[pypy-dev] Running untrusted code in pypy

Mon Feb 19 21:27:02 CET 2007

Vinj Vinj wrote:
 >> How is the data shared? Using files or somehow
 >> differently?
 >
 > Slices of numeric python arrays

Then the foremost problem will probably be that PyPy is not close to
supporting numeric arrays :-). I guess that will change at one point.

 >> custom mark-and-sweep garbage collector. This
 >> collector collects quite a
 >> bit information while it is running, especially how
 >> much non-dead memory
 >> is used currently. This would make it possible to
 >> impose a hard limit there.
 >
 > Ok. But this limit would be for the entire app and not
 > per user model. This should be fine, I would just take
 > the penalty of the OS/interpretor than releasing back
 > all the unused memory.

There can be more advanced solutions: The GC has "memory pools" and you
could have a solution where the main app has its own (unlimited) pool
and the user models have limited pools.

 > I think again os based timeout interrupts would work
 > fine? Do you see
 > any downside of using os level interrupts? Any way
 > that the application
 > would not be able to catch them?

There is a downside to os-level interrupts (both in CPython and in
PyPy): Only the intepreter main loop checks for interrupts, that means
that this does not work against 2**(something big) if I see it
correctly. I cannot think of a good way to fix this, I fear.

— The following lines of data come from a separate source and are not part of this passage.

lemma first_stage_converse:
  fixes dist1 :: "'x \<Rightarrow> 'y1 \<Rightarrow> real" and \<beta>1 :: "'x \<Rightarrow> real" and \<beta>2 :: "'x \<Rightarrow> 'y1 \<Rightarrow> real"
  assumes dist1_meas: "(\<lambda>(x, y). dist1 x y) \<in> borel_measurable (MX \<Otimes>\<^sub>M MY1)"
    and \<beta>1_meas[measurable]: "\<beta>1 \<in> borel_measurable MX"
    and \<beta>2_meas: "(\<lambda>(x, y). \<beta>2 x y) \<in> borel_measurable (MX \<Otimes>\<^sub>M MY1)"
    and \<beta>1_pos: "\<And>x. x \<in> space MX \<Longrightarrow> \<beta>1 x > 0"
    and \<beta>2_pos: "\<And>x y. x \<in> space MX \<Longrightarrow> y \<in> space MY1 \<Longrightarrow> \<beta>2 x y > 0"
    and "lam1 \<ge> 0" and "\<nu>1 \<ge> 0"
    and Sigma1_le: "\<And>y1. y1 \<in> space MY1 \<Longrightarrow> Sigma1 MX dist1 \<beta>1 \<beta>2 lam1 \<nu>1 y1 \<le> 1"
    and card_le: "real (card W1) \<le> M"
  shows "measure P {(x, y1, y2) \<in> space P.
            ln (\<beta>2 x y1 powr (1 / (1 + \<nu>1)) / \<beta>1 x) - lam1 / (1 + \<nu>1) * d \<ge> ln M + \<gamma>}
    \<le> measure P {(x, y1, y2) \<in> space P. \<not> dist1 x y1 \<le> d} + exp (- \<gamma>)"
proof -
  note [measurable] = dist1_meas[unfolded case_prod_beta'] \<beta>2_meas[unfolded case_prod_beta']
    measurable_pair_fst_fst_snd[OF dist1_meas, of MY2, simplified]
    measurable_pair_fst_fst_snd[OF \<beta>2_meas, of MY2, simplified]
  define h where "h p = ennreal (exp (- (lam1 / (1 + \<nu>1)) * dist1 (fst p) (snd p))
    * \<beta>2 (fst p) (snd p) powr (1 / (1 + \<nu>1)) / \<beta>1 (fst p))" for p
  have h_meas[measurable]: "h \<in> borel_measurable (MX \<Otimes>\<^sub>M MY1)" unfolding h_def by measurable
  have card_pos: "real (card W1) > 0" using messages_nonempty finite_W1 by (simp add: card_gt_0_iff)
  show ?thesis
  proof (rule measure_le_add_exp_of_weight[OF prob_space_imp_subprob_space[OF prob_space_joint_law]])
    show "{(x, y1, y2) \<in> space P.
            ln (\<beta>2 x y1 powr (1 / (1 + \<nu>1)) / \<beta>1 x) - lam1 / (1 + \<nu>1) * d \<ge> ln M + \<gamma>} \<in> sets P"
      by (rule sets_joint_law_Collect) measurable
    show "{(x, y1, y2) \<in> space P. \<not> dist1 x y1 \<le> d} \<in> sets P"
      by (rule sets_joint_law_Collect) measurable
    show "(\<lambda>z. h (fst z, fst (snd z))) \<in> borel_measurable P"
      by (simp add: sets_joint_law cong: measurable_cong_sets)
    have "(\<integral>\<^sup>+z. h (fst z, fst (snd z)) \<partial>P) \<le> of_nat (card W1)"
      using Sigma1_le by (intro nn_integral_joint_law_fst_le h_meas) (simp add: Sigma1_def h_def)
    then show "(\<integral>\<^sup>+z. h (fst z, fst (snd z)) \<partial>P) \<le> ennreal (real (card W1))"
      by (simp add: ennreal_of_nat_eq_real_of_nat)
    show "real (card W1) > 0" by (fact card_pos)
    fix z assume "z \<in> space P"
      and E: "z \<in> {(x, y1, y2) \<in> space P.
            ln (\<beta>2 x y1 powr (1 / (1 + \<nu>1)) / \<beta>1 x) - lam1 / (1 + \<nu>1) * d \<ge> ln M + \<gamma>}"
      and A: "z \<notin> {(x, y1, y2) \<in> space P. \<not> dist1 x y1 \<le> d}"
    obtain x y1 y2 where z: "z = (x, y1, y2)" by (cases z)
    have x: "x \<in> space MX" and y1: "y1 \<in> space MY1"
      using \<open>z \<in> space P\<close> sets_eq_imp_space_eq[OF sets_joint_law] by (auto simp: z space_pair_measure)
    have "dist1 x y1 \<le> d" using A \<open>z \<in> space P\<close> by (simp add: z)
    then have "lam1 / (1 + \<nu>1) * dist1 x y1 \<le> lam1 / (1 + \<nu>1) * d"
      using \<open>lam1 \<ge> 0\<close> \<open>\<nu>1 \<ge> 0\<close> by (intro mult_left_mono) simp_all
    then have "real (card W1) * exp \<gamma> \<le> exp (- (lam1 / (1 + \<nu>1) * dist1 x y1)) * (\<beta>2 x y1 powr (1 / (1 + \<nu>1)) / \<beta>1 x)"
      using E card_pos card_le \<beta>1_pos[OF x] \<beta>2_pos[OF x y1]
      by (intro mult_exp_le_of_ln_add_le) (auto simp: z)
    then show "ennreal (real (card W1) * exp \<gamma>) \<le> h (fst z, fst (snd z))"
      by (simp add: h_def z ennreal_leI)
  qed
qed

 >> You could fix the recursion limit.
 >
 > Again this would be for the entire application and not
 > per user model.
 >
 >> Another thing I can see there is accessing the file
 >> system in malicious
 >> ways. Can be fixed on the OS level, I guess. You
 >> could not include
 >> things like socket into your PyPy interpreter
 >> executable.
 >
 > This is the tricky part. The main python application
 > used a lot of
 > cPython libraries, so not including them in the
 > interpreter was not an
 > option. I was hoping that there would be some other
 > way which could tell
 > the pypy interpreter, before it executes a certain
 > piece of code, that
 > access to the following list of modules ([x, y, z...])
 > is allowed.

This is something which is quite hard to enforce, given Python's very
introspective nature. There are some ideas to support a rather strict
distinction between two different sorts of code within the same process
with PyPy. You would have two interpreters in the same executable, one
for trusted, one for sandboxed code. The sandboxed interpreter would
only get access to a very limited set of modules and builtins. The
trusted interpreter could somehow "control" what sort of operations the
untrusted part would be allowed to do.

This is quite a mess to implement correctly (but easier than in CPython,
I suppose), but might give a general solution to this set of problems.

Cheers,

Carl Friedrich